Be sure to document the feedback given and received (both the content of the feedback, and to whom it was provided to, or received from).

REMEMBER

Constructive feedback is:

1. Helpful
2. Specific
3. Kind

These kids can do it – you can too. 🚀

Choosing your landmark

NOTE

One person per landmark, please.

If two students really want to do the same landmark, Mr.

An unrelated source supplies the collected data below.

(* For every $n\ge1$, $$\tilde A_n(p,q)=\sum_{j=0}^{\lfloor n/2\rfloor}c_{n,j}(p+q)^j(1+pq)^{\lfloor n/2\rfloor-j},$$ where $c_{n,j}$ is the number of permutations $\pi\in\mathfrak S_n$ with $\mathrm{odes}(\pi)=j$ and $\mathrm{edes}(\pi)=0$ (so $A_n(p,0)=\sum_j c_{n,j}p^j$), and $c_{n,j}$ is a positive integer for every $0\le j\le\lfloor n/2\rfloor$.
   Context: For a permutation $\pi=a_1\cdots a_n$ of $[n]$, an index $i\in[n-1]$ is a descent if $a_i>a_{i+1}$; $\mathrm{odes}(\pi)$ and $\mathrm{edes}(\pi)$ count descents at odd and even positions. $A_n(p,q)=\sum_{\pi\in\mathfrak S_n}p^{\mathrm{odes}(\pi)}q^{\mathrm{edes}(\pi)}$. $\tilde A_n(p,q)=A_n(p,q)$ if $n$ is odd and $\tilde A_n(p,q)=(1+q)A_n(p,q)$ if $n$ is even. *)

theory Defs
  imports "HOL-Combinatorics.Combinatorics"
begin

text \<open>Permutations of [n] are represented as lists a_1 ... a_n (one-line notation),
  i.e. the elements of permutations_of_set {1..n}. Positions are 1-indexed:
  index i (1 \<le> i \<le> n-1) is a descent iff a_i > a_(i+1), i.e. xs!(i-1) > xs!i.\<close>

definition descents :: "nat list \<Rightarrow> nat set" where
  "descents xs = {i. 1 \<le> i \<and> i < length xs \<and> xs ! (i - 1) > xs ! i}"

definition odes :: "nat list \<Rightarrow> nat" where
  "odes xs = card {i \<in> descents xs. odd i}"

definition edes :: "nat list \<Rightarrow> nat" where
  "edes xs = card {i \<in> descents xs. even i}"

definition A_poly :: "nat \<Rightarrow> 'a::comm_ring_1 \<Rightarrow> 'a \<Rightarrow> 'a" where
  "A_poly n p q = (\<Sum>xs\<in>permutations_of_set {1..n}. p ^ odes xs * q ^ edes xs)"

definition A_tilde :: "nat \<Rightarrow> 'a::comm_ring_1 \<Rightarrow> 'a \<Rightarrow> 'a" where
  "A_tilde n p q = (if odd n then A_poly n p q else (1 + q) * A_poly n p q)"

definition c_coef :: "nat \<Rightarrow> nat \<Rightarrow> nat" where
  "c_coef n j = card {xs \<in> permutations_of_set {1..n}. odes xs = j \<and> edes xs = 0}"

end

theory Submission
  imports Defs "HOL-Computational_Algebra.Polynomial"
begin

text \<open>Let F(n,v) be the descent generating function of the permutations of [n] ending in v.
  Appending a new last letter v (and raising the old letters \<open>\<ge> v\<close> by one) creates a descent at
  position n exactly when v does not exceed the old last letter, so F(n+1,-) arises from F(n,-)
  by a triangular kernel with weight p for odd and q for even n; hence A_n is the all-ones vector
  pushed backwards through these kernels. Grouping an odd step with the following even one, the
  vector R of length 2k+1 keeps the symmetric shape
    R(z) = G_z + (1+q) H_z,   R(2k+2-z) = G_z + p(1+q) H_z   (z \<open>\<le>\<close> k),   R(k+1) = G_(k+1),
  where G_z and H_z are integer combinations of the products (p+q)^j (1+pq)^(N-j) whose
  coefficients do not depend on p and q. At length one this expresses the tilde-polynomial in that
  basis, and putting q = 0 identifies the coefficients as c_(n,j). Positivity is witnessed by the
  permutation 2 1 4 3 ... (2j) (2j-1) (2j+1) ... n.\<close>

section \<open>Expansions in powers of \<open>p+q\<close> and \<open>1+pq\<close>\<close>

definition gamma_expansion :: "nat \<Rightarrow> (nat \<Rightarrow> int) \<Rightarrow> 'a::comm_ring_1 \<Rightarrow> 'a \<Rightarrow> 'a" where
  "gamma_expansion L g p q = (\<Sum>j<L. of_int (g j) * (p+q)^j * (1+p*q)^(L-1-j))"

definition shift_coeffs :: "(nat \<Rightarrow> int) \<Rightarrow> nat \<Rightarrow> int" where
  "shift_coeffs g j = (if j = 0 then 0 else g (j-1))"

definition trunc_coeffs :: "nat \<Rightarrow> (nat \<Rightarrow> int) \<Rightarrow> nat \<Rightarrow> int" where
  "trunc_coeffs L g j = (if j < L then g j else 0)"

lemma gamma_expansion_0: "gamma_expansion 0 g p q = 0"
  by (simp add: gamma_expansion_def)

lemma gamma_expansion_1: "gamma_expansion (Suc 0) g p q = of_int (g 0)"
  by (simp add: gamma_expansion_def)

lemma gamma_expansion_2:
  "gamma_expansion (Suc (Suc 0)) g p q = of_int (g 0) * (1+p*q) + of_int (g 1) * (p+q)"
  by (simp add: gamma_expansion_def numeral_2_eq_2 lessThan_Suc)

lemma gamma_expansion_times_1_plus_pq:
  "(1+p*q) * gamma_expansion L g p q = gamma_expansion (Suc L) (trunc_coeffs L g) p q"
proof -
  have "gamma_expansion (Suc L) (trunc_coeffs L g) p q
      = (\<Sum>j<L. of_int (g j) * (p+q)^j * (1+p*q)^(L-j))"
    unfolding gamma_expansion_def trunc_coeffs_def by (simp add: sum.lessThan_Suc)
  also have "\<dots> = (\<Sum>j<L. (1+p*q) * (of_int (g j) * (p+q)^j * (1+p*q)^(L-1-j)))"
  proof (rule sum.cong)
    fix j assume "j \<in> {..<L}"
    then have "L - j = Suc (L-1-j)" by simp
    then show "of_int (g j) * (p+q)^j * (1+p*q)^(L-j)
        = (1+p*q) * (of_int (g j) * (p+q)^j * (1+p*q)^(L-1-j))"
      by (simp add: mult_ac)
  qed simp
  finally show ?thesis by (simp add: gamma_expansion_def sum_distrib_left)
qed

lemma gamma_expansion_times_p_plus_q:
  "(p+q) * gamma_expansion L g p q = gamma_expansion (Suc L) (shift_coeffs g) p q"
proof -
  have "gamma_expansion (Suc L) (shift_coeffs g) p q
      = (\<Sum>j<L. of_int (g j) * (p+q)^(Suc j) * (1+p*q)^(L-1-j))"
    unfolding gamma_expansion_def shift_coeffs_def
    by (subst sum.lessThan_Suc_shift) (simp add: mult_ac)
  then show ?thesis by (simp add: gamma_expansion_def sum_distrib_left mult_ac)
qed

lemma gamma_expansion_add:
  "gamma_expansion L (\<lambda>j. f j + g j) p q = gamma_expansion L f p q + gamma_expansion L g p q"
  by (simp add: gamma_expansion_def sum.distrib algebra_simps)

lemma gamma_expansion_scale:
  "gamma_expansion L (\<lambda>j. c * g j) p q = of_int c * gamma_expansion L g p q"
  by (simp add: gamma_expansion_def sum_distrib_left mult_ac)

lemma gamma_expansion_zero: "gamma_expansion L (\<lambda>j. 0) p q = 0"
  by (simp add: gamma_expansion_def)

lemma gamma_expansion_sum:
  "gamma_expansion L (\<lambda>j. \<Sum>z\<in>S. f z j) p q = (\<Sum>z\<in>S. gamma_expansion L (f z) p q)"
  unfolding gamma_expansion_def by (simp add: sum_distrib_right sum.swap[of _ S])

text \<open>\<open>step_kernel (2k) x z\<close> is the weight of passing from last letter \<open>x\<close> at length \<open>2k-1\<close>,
  via some last letter \<open>y\<close> at length \<open>2k\<close>, to last letter \<open>z\<close> at length \<open>2k+1\<close>.\<close>

definition step_kernel :: "nat \<Rightarrow> nat \<Rightarrow> nat \<Rightarrow> 'a::comm_ring_1 \<Rightarrow> 'a \<Rightarrow> 'a" where
  "step_kernel M x z p q = (\<Sum>y=1..M. (if y \<le> x then p else 1) * (if z \<le> y then q else 1))"

lemma sum_atLeastAtMost_const:
  "(\<And>y. a \<le> y \<Longrightarrow> y \<le> b \<Longrightarrow> f y = c) \<Longrightarrow> (\<Sum>y=a..b. f y) = of_nat (Suc b - a) * c"
  by (simp add: sum.cong[of "{a..b}" "{a..b}" f "\<lambda>_. c"])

Gordon will officiate a best-of-three rock-paper-scissors duel to decide who gets to create the landmark for this task.

Iconic Structures

Here are possibilities involving five iconic buildings from France alone:

Widely recognized and well-known globally; these structures carry international fame and symbolize larger ideas or eras:

1. Eiffel Tower (Paris, France): Metal latticework, tapering shape.
2. Taj Mahal (Agra, India): Symmetrical structure, domes, minarets.
3. Colosseum (Rome, Italy): Elliptical structure, arches, exterior ruins.
4. Sydney Opera House (Sydney, Australia): Shell-like roof structures, waterfront setting.
5. Empire State Building (New York, USA): Art deco style, height, symmetrical windows.
6. Big Ben (London, UK): Clock faces, Gothic Revival details, height proportion.
7. Sagrada Familia (Barcelona, Spain): Complex facades, spires, Gaudi’s style.
8. The Louvre (Paris, France): Historical palace and modern glass pyramid.
9. Leaning Tower of Pisa (Italy): Tilt, Romanesque architecture, cylindrical shape.
10. Chrysler Building (New York, USA): Art Deco style, terraced crown, steel cladding.
11. The Great Sphinx of Giza (Egypt): Colossal statue’s body and face, desert setting.

Landmarks

Significant, often locally or regionally recognized for historical, cultural, or architectural importance:

1. Saint Basil’s Cathedral (Moscow, Russia): Colorful onion domes, and facade patterns.
2. Neuschwanstein Castle (Germany): Romanesque Revival, towers, turrets.
3. Forbidden City (Beijing, China): Traditional Chinese architecture, symmetry.
4. Machu Picchu (Peru): Incan architecture, terraces, mountainous landscape.
5. Stonehenge (United Kingdom): Stone arrangement, a sense of antiquity.
6. The Kremlin (Russia): Palaces, cathedrals, walls, and towers.
7. Mount Rushmore (USA): Carved presidential faces, facial features, and scale.
8. The White House (USA): Neoclassical architecture, porticos, facade.
9. Himeji Castle (Japan): Traditional Japanese architecture, white exterior.

Submitting your work

Each day, share your current work-in-progress in a portfolio post, by submitting the .STL file from Tinkercad along with a fly-through video.

Reflection questions

When you are finished your 3D model, and have submitted your final design, please copy these questions into a portfolio post and respond to them:

1. What were the biggest challenges you faced when creating your 3D model, and how did you overcome them?
2. How did you ensure your model maintained accurate scale and proportion?
3. What specific details in your model do you think best represent the landmark or building you chose?
4. How did using reference images or measurements impact the accuracy of your final design?
5. How did the modeling process help you better understand the importance of planning and problem-solving?
6. In what ways did this task improve your understanding of 3D printing and its applications?
7. How does your final model demonstrate growth in your skills compared to when you started the task?